So this popped up on Twitter.
It was swarmed, "This is not education," said many posters. "This is a bad tweet, and you should feel bad for writing it." And "Our children do not exist to serve." And "This sounds like the Chamber of Commerce, not the Department of Education."
Some were dipped in a bit more acid. "At this point, why not just send kids back to the mines" and "my parents always told me when i was growing up that i could be anything that tomorrow's global industrial workforce demands."
All of which are on point.
Look, it is important that children be able to support themselves when they grow up, and that they have a set of skills that can be marketed. We would do a huge disservice to students to send them into the world unemployable.

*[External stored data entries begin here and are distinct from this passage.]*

(* For every integer $N\ge1$, with $\omega=e^{2\pi i/N}$, $$0\le\sum_{k=0}^{N-1}\dim\mathbb J^{(1)}_\gamma(\omega^k)\le2\dim(M).$$
   Context: Let $(M,g)$ be a semi-Riemannian manifold of dimension $n$ and $\gamma:[0,1]\to M$ an orientation preserving closed geodesic, extended $1$-periodically. Fix a smooth $1$-periodic family of isomorphisms $T_t:\mathbb R^n\to T_{\gamma(t)}M$ with $g(T_te_i,T_te_j)=\epsilon_i\delta_{ij}$, $\epsilon_i\in\{\pm1\}$. Let $\overline R_t=T_t^{-1}\circ R(\dot\gamma(t),T_t\,\cdot\,)\dot\gamma(t)$ (curvature $R(X,Y)=[\nabla_X,\nabla_Y]-\nabla_{[X,Y]}$) and $\Gamma_t$ defined by $T_t^{-1}\tfrac{D}{dt}\big(T_t\overline V(t)\big)=\overline V'(t)+\Gamma_t\overline V(t)$, extended $\mathbb C$-linearly to $\mathbb C^n$. The Jacobi equation (J) is $V''+2\Gamma_rV'+(\Gamma_r'+\Gamma_r^2-\overline R_r)V=0$ for $V:[0,1]\to\mathbb C^n$. For $z\in\mathbb S^1$, $\mathbb J^{(1)}_\gamma(z)=\{V\ \text{solution of (J)}:V(0)=V(1)=0,\ V'(1)=zV'(0)\}$ (complex vector space). *)

theory Defs
  imports "HOL-Analysis.Analysis" "HOL-Library.Function_Algebras"
begin

text \<open>The Jacobi equation along a closed geodesic, written in a 1-periodic
parallel-type frame T_t, only involves the real n x n matrix functions
Gamma_t and Rbar_t.  We work with these coefficient functions directly.\<close>

definition cmat :: "real^'n^'m \<Rightarrow> complex^'n^'m" where
  "cmat A = (\<chi> i j. complex_of_real (A $ i $ j))"

text \<open>Diagonal signature matrix diag(eps_1,...,eps_n) of the metric in the frame.\<close>
definition sig_mat :: "real^'n \<Rightarrow> real^'n^'n" where
  "sig_mat \<epsilon> = (\<chi> i j. if i = j then \<epsilon> $ i else 0)"

text \<open>Solutions V : [0,1] -> C^n of the Jacobi equation
  V'' + 2 Gamma V' + (Gamma' + Gamma^2 - Rbar) V = 0.
  A function on [0,1] is represented extensionally: it vanishes outside [0,1].\<close>
definition jacobi_solution ::
  "(real \<Rightarrow> real^'n^'n) \<Rightarrow> (real \<Rightarrow> real^'n^'n) \<Rightarrow> (real \<Rightarrow> complex^'n) \<Rightarrow> bool" where
  "jacobi_solution \<Gamma> R V \<longleftrightarrow>
     (\<forall>t. t \<notin> {0..1} \<longrightarrow> V t = 0) \<and>
     (\<exists>V1 V2. \<forall>t\<in>{0..1}.
        (V has_vector_derivative V1 t) (at t within {0..1}) \<and>
        (V1 has_vector_derivative V2 t) (at t within {0..1}) \<and>
        V2 t + (2::complex) *s (cmat (\<Gamma> t) *v V1 t)
          + cmat (vector_derivative \<Gamma> (at t) + \<Gamma> t ** \<Gamma> t - R t) *v V t = 0)"

definition J1 ::
  "(real \<Rightarrow> real^'n^'n) \<Rightarrow> (real \<Rightarrow> real^'n^'n) \<Rightarrow> complex \<Rightarrow> (real \<Rightarrow> complex^'n) set" where
  "J1 \<Gamma> R z = {V. jacobi_solution \<Gamma> R V \<and> V 0 = 0 \<and> V 1 = 0 \<and>
      vector_derivative V (at 1 within {0..1}) = z *s vector_derivative V (at 0 within {0..1})}"
(* Let $f:[0,1]\to\mathbb R$ satisfy $|f(x')-f(x'')|\le H|x'-x''|^{1/N}$, let $X^*$ be the set of global minimizers of $f$ on $[0,1]$, apply PLT indefinitely (stopping rule disregarded) with $p(l)\le Q<\infty$ for all $l>1$, and let $\{x^q\}$ be the trial sequence. Suppose that for every $x^*\in X^*$ the condition of Theorem 2 holds, i.e. there is an infinite set of iteration numbers $\{h\}=\{h(x^* )\}$ such that for all $l\in\{h\}$, with $j=j(l)$ the index of an interval $[x_{j-1},x_j]$ containing $x^*$, one has $4^{1-1/N}K_j^2\ge M_j^2$ and $r\mu_j\ge 2^{1-1/N}K_j+(4^{1-1/N}K_j^2-M_j^2)^{1/2}$, where $K_j=\max\{(z_{j-1}-f(x^* ))(x^*-x_{j-1})^{-1/N},(z_j-f(x^* ))(x_j-x^* )^{-1/N}\}$ and $M_j=|z_{j-1}-z_j|(x_j-x_{j-1})^{-1/N}$. Then the set of limit points of $\{x^q\}$ coincides with $X^*$.
   Context: Algorithm PLT (parallel information algorithm with local tuning) for minimizing $f$ on $[0,1]$; parameters: integer $N\ge1$, reliability parameter $r>1$, small number $\xi>0$. A "trial" is an evaluation of $f$ at a point. Step 0: perform $q(1)>1$ initial trials at $x^1=0$, $x^2=1$ and some interior points $x^3,\dots,x^{q(1)}\in(0,1)$; set $l=1$. At iteration $l$, let $q=q(l)$ be the number of trials made so far. Step 1: order all trial points as $0=x_1<x_2<\dots<x_q=1$ and set $z_i=f(x_i)$. Step 2: for $2\le j\le q$ compute $\mu_j=\max\{\lambda_j,\gamma_j,\xi\}$, where $\lambda_j=\max\{|z_i-z_{i-1}|/(x_i-x_{i-1})^{1/N}: i\in I_j\}$ with $I_2=\{2,3\}$, $I_j=\{j-1,j,j+1\}$ for $3\le j\le q-1$, $I_q=\{q-1,q\}$; and $\gamma_j=\mu\,(x_j-x_{j-1})^{1/N}/(X^{\max})^{1/N}$ with $\mu=\max\{|z_i-z_{i-1}|/(x_i-x_{i-1})^{1/N}:2\le i\le q\}$ and $X^{\max}=\max\{x_i-x_{i-1}:2\le i\le q\}$. Step 3: for $2\le j\le q$ compute the characteristic $R(j)=r\mu_j(x_j-x_{j-1})^{1/N}+\frac{(z_j-z_{j-1})^2}{r\mu_j(x_j-x_{j-1})^{1/N}}-(z_j+z_{j-1})$. Step 4: choose $p=p(l+1)\le q(l)-1$ and distinct indices $t_1,\dots,t_p$ being the indices of the $p$ largest characteristics ($t_1=\arg\max\{R(i):1<i\le q\}$, $t_k=\arg\max\{R(i):1<i\le q,\ i\ne t_s, 1\le s\le k-1\}$); the new trial points are $x^{q+k}=\tfrac12(x_{t_k-1}+x_{t_k})-\frac{1}{2r}\left(\frac{|z_{t_k}-z_{t_k-1}|}{\mu_{t_k}}\right)^N\operatorname{sign}(z_{t_k}-z_{t_k-1})$, $1\le k\le p$. Step 5: evaluate $f$ at these $p$ points in parallel, set $q(l+1)=q(l)+p(l+1)$, $l\leftarrow l+1$, and return to Step 1. *)

theory Defs
  imports Complex_Main
begin

text \<open>Algorithm PLT. A sorted list ys of the current trial points is used with
  1-based indexing: x_i = pt ys i, i = 1..q, q = length ys.\<close>

definition pt :: "real list \<Rightarrow> nat \<Rightarrow> real" where
  "pt ys i = ys ! (i - 1)"

definition sorted_trials :: "(nat \<Rightarrow> real) \<Rightarrow> nat \<Rightarrow> real list" where
  "sorted_trials xs q = sorted_list_of_set (xs ` {1..q})"

definition slope :: "(real \<Rightarrow> real) \<Rightarrow> nat \<Rightarrow> real list \<Rightarrow> nat \<Rightarrow> real" where
  "slope f N ys i = \<bar>f (pt ys i) - f (pt ys (i - 1))\<bar> / (pt ys i - pt ys (i - 1)) powr (1 / real N)"

text \<open>I_j = {j-1,j,j+1} restricted to the valid indices 2..q
  (gives I_2 = {2,3}, I_q = {q-1,q} for q >= 3).\<close>
definition Ind :: "real list \<Rightarrow> nat \<Rightarrow> nat set" where
  "Ind ys j = {j - 1 .. j + 1} \<inter> {2 .. length ys}"

definition lam :: "(real \<Rightarrow> real) \<Rightarrow> nat \<Rightarrow> real list \<Rightarrow> nat \<Rightarrow> real" where
  "lam f N ys j = Max (slope f N ys ` Ind ys j)"

definition mumax :: "(real \<Rightarrow> real) \<Rightarrow> nat \<Rightarrow> real list \<Rightarrow> real" where
  "mumax f N ys = Max (slope f N ys ` {2 .. length ys})"

definition Xmax :: "real list \<Rightarrow> real" where
  "Xmax ys = Max ((\<lambda>i. pt ys i - pt ys (i - 1)) ` {2 .. length ys})"
text \<open>A zero divisor x is isotropic; if x is not imaginary, x e is isotropic and imaginary for
  any anisotropic e orthogonal to 1 and to the imaginary part of x.\<close>

lemma exists_isotropic_imaginary:
  assumes "split_cayley \<alpha> \<beta> \<gamma>"
  obtains p where "reO p = 0" "N p = 0" "p \<noteq> 0"
proof -
  obtain x y where xy: "x \<noteq> 0" "y \<noteq> 0" "M x y = 0"
    using assms unfolding split_cayley_def by blast
  have "scaleO (N x) y = 0"
    using conj_mult_cancel_left[of x y] xy(3) by (simp add: mult_zero_right)
  then have Nx: "N x = 0"
    using xy(2) by simp
  show ?thesis
  proof (cases "reO x = 0")
    case True
    then show ?thesis
      using that Nx xy(1) by blast
  next
    case False
    define r where "r = reO x"
    define x' where "x' = x - scaleO r oneO"
    have x'_im: "reO x' = 0"
      by (simp add: x'_def reO_diff reO_scale reO_one r_def)
    have x_eq: "x = x' + scaleO r oneO"
      by (simp add: x'_def)
    have "N x = N x' + r\<^sup>2"
      unfolding x_eq by (simp add: norm_add norm_scale norm_one polar_scale_right polar_one x'_im)
    then have "N x' = - r\<^sup>2"
      using Nx by (simp add: eq_neg_iff_add_eq_0)
    then have Nx': "N x' \<noteq> 0"
      using False r_def by simp
    define P where "P w = w - scaleO (B w oneO / 2) oneO - scaleO (B w x' / (2 * N x')) x'" for w
    have "B (P w) oneO = 0" "B (P w) x' = 0" for w
      using two_neq_zero Nx' by (simp_all add: P_def polar_diff_left polar_scale_left polar_one
          reO_diff reO_scale reO_one x'_im polar_self polar_commute[of oneO])
    then have P_orth: "B (P w) v = 0" if "v \<in> {oneO, x'}" for w v
      using that by blast
    have P_span: "w - P w \<in> V.span {oneO, x'}" for w
      by (simp add: P_def V.span_add V.span_scale V.span_base)
    have "card {oneO, x'} < 8"
      by (simp add: card_insert_if)
    then obtain e where e: "\<forall>v\<in>{oneO, x'}. B e v = 0" "N e \<noteq> 0"
      using exists_anisotropic_orthogonal[OF _ _ P_orth P_span] by blast
    define p where "p = M x e"
    have "B p oneO = B e (conjO x)"
      by (simp add: p_def polar_mult_left_adjoint mult_one_right)
    also have "\<dots> = 0"
      using e(1) by (simp add: conjO_eq x_eq polar_diff_right polar_scale_right polar_add_right)
    finally have "reO p = 0"
      using two_neq_zero by (simp add: polar_one)
    moreover have "N p = 0"
      by (simp add: p_def norm_mult Nx)
    moreover have "p \<noteq> 0"
      using mult_conj_cancel_right[of x e] e(2) xy(1) by (auto simp: p_def mult_zero_left)
    ultimately show ?thesis
      using that by blast
  qed
qed
lemma successively_cut_backtrack:
  assumes "successively R (as @ v # bs)" "as \<noteq> []" "bs \<noteq> []" "last as = hd bs"
  shows "successively R (as @ tl bs)"
  using assms by (cases bs) (auto simp: successively_append_iff successively_Cons)

definition row_weight :: "node list \<Rightarrow> nat" where
  "row_weight xs = (\<Sum>x\<leftarrow>xs. nat (fst x))"

lemma row_weight_append_Cons [simp]:
  "row_weight (as @ v # bs) = row_weight as + nat (fst v) + row_weight bs"
  by (simp add: row_weight_def)

lemma walk_peak:
  assumes low: "\<forall>x\<in>D. L \<le> fst x"
    and wk: "walk n D xs" and ends: "fst (hd xs) = L" "fst (last xs) = L" "hd xs \<noteq> last xs"
  obtains as bs M j where "xs = as @ (M, j) # bs" "as \<noteq> []" "bs \<noteq> []" "L < M"
    "last as = (M - 1, j) \<or> last as = (M - 1, j + 1)"
    "hd bs = (M - 1, j) \<or> hd bs = (M - 1, j + 1)"
proof -
  have xsD: "set xs \<subseteq> D" and succ: "successively (T_adj n) xs" and ne: "xs \<noteq> []"
    using wk unfolding walk_def by auto
  define M where "M = Max (fst ` set xs)"
  have le_M: "fst x \<le> M" if "x \<in> set xs" for x
    unfolding M_def using that by (intro Max_ge) auto
  have "M \<in> fst ` set xs" unfolding M_def using ne by (intro Max_in) auto
  then obtain j where "(M, j) \<in> set xs" by force
  then obtain as bs where xs_split: "xs = as @ (M, j) # bs" by (meson split_list)
  have "L < M"
  proof -
    obtain x1 x2 rest where xs: "xs = x1 # x2 # rest"
      using ne ends(3) by (cases xs rule: remdups_adj.cases) auto
    then have "T_adj n x1 x2" "x2 \<in> D" using succ xsD by auto
    then have "fst x2 = L + 1"
      using T_adj_row low ends(1) xs by fastforce
    then show ?thesis using le_M[of x2] xs by auto
  qed
  then have as_ne: "as \<noteq> []" and bs_ne: "bs \<noteq> []"
    using ends(1,2) unfolding xs_split by auto
  have "T_adj n (last as) (M, j)" "T_adj n (hd bs) (M, j)"
    using succ as_ne bs_ne T_adj_sym unfolding xs_split
    by (auto simp: successively_append_iff successively_Cons neq_Nil_conv)
  moreover have "fst (last as) \<le> M" "fst (hd bs) \<le> M"
    using le_M as_ne bs_ne unfolding xs_split by auto
  ultimately show thesis
    by (intro that[OF xs_split as_ne bs_ne \<open>L < M\<close>] T_adj_from_below)
qed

But to imagine that education is simply a means of providing employers with a full supply of useful meat widgets is such a sad, narrow, meager vision of education. It is certainly not what wealthy parents send their children off to school to learn.
Education is about providing choices for students, not employers. It is about helping young humans figure out how to be their own best selves, about learning how to be fully human in the world. That certainly includes figuring out what work they are here to do, but if all you are is your work, then you have a problem.
And that should all be true for all children. It is not okay to say, "Well, those poor kids don't need a real education--they just need something that will get them a good job." This is the old idea, popular in certain Democratic administrations, that education is the only thing we need to fix poverty (and so we don't have to do other things). This is the old idea that poor people don't need rich lives or choices or the kind of deep, enriching education that not-poor kids get. And that is just all kinds of wrong.
So, yes, this was a terrible tweet, and I hope that whatever social media intern wrote it feels bad. Because this is a lousy thing for the United States Secretary of Education to put out there.
I saw this tweet last night - and the swarm of feedback - so, so disappointing that Cardona (or the DOE) thought this was what needed to be said. It does, however, point to a problem for the Democrats - while the GOP pushes vouchers, the Dem solution is always about "training for industry." Both parties are pushing a solution that benefits the oligarchy. Neither solution works for kids.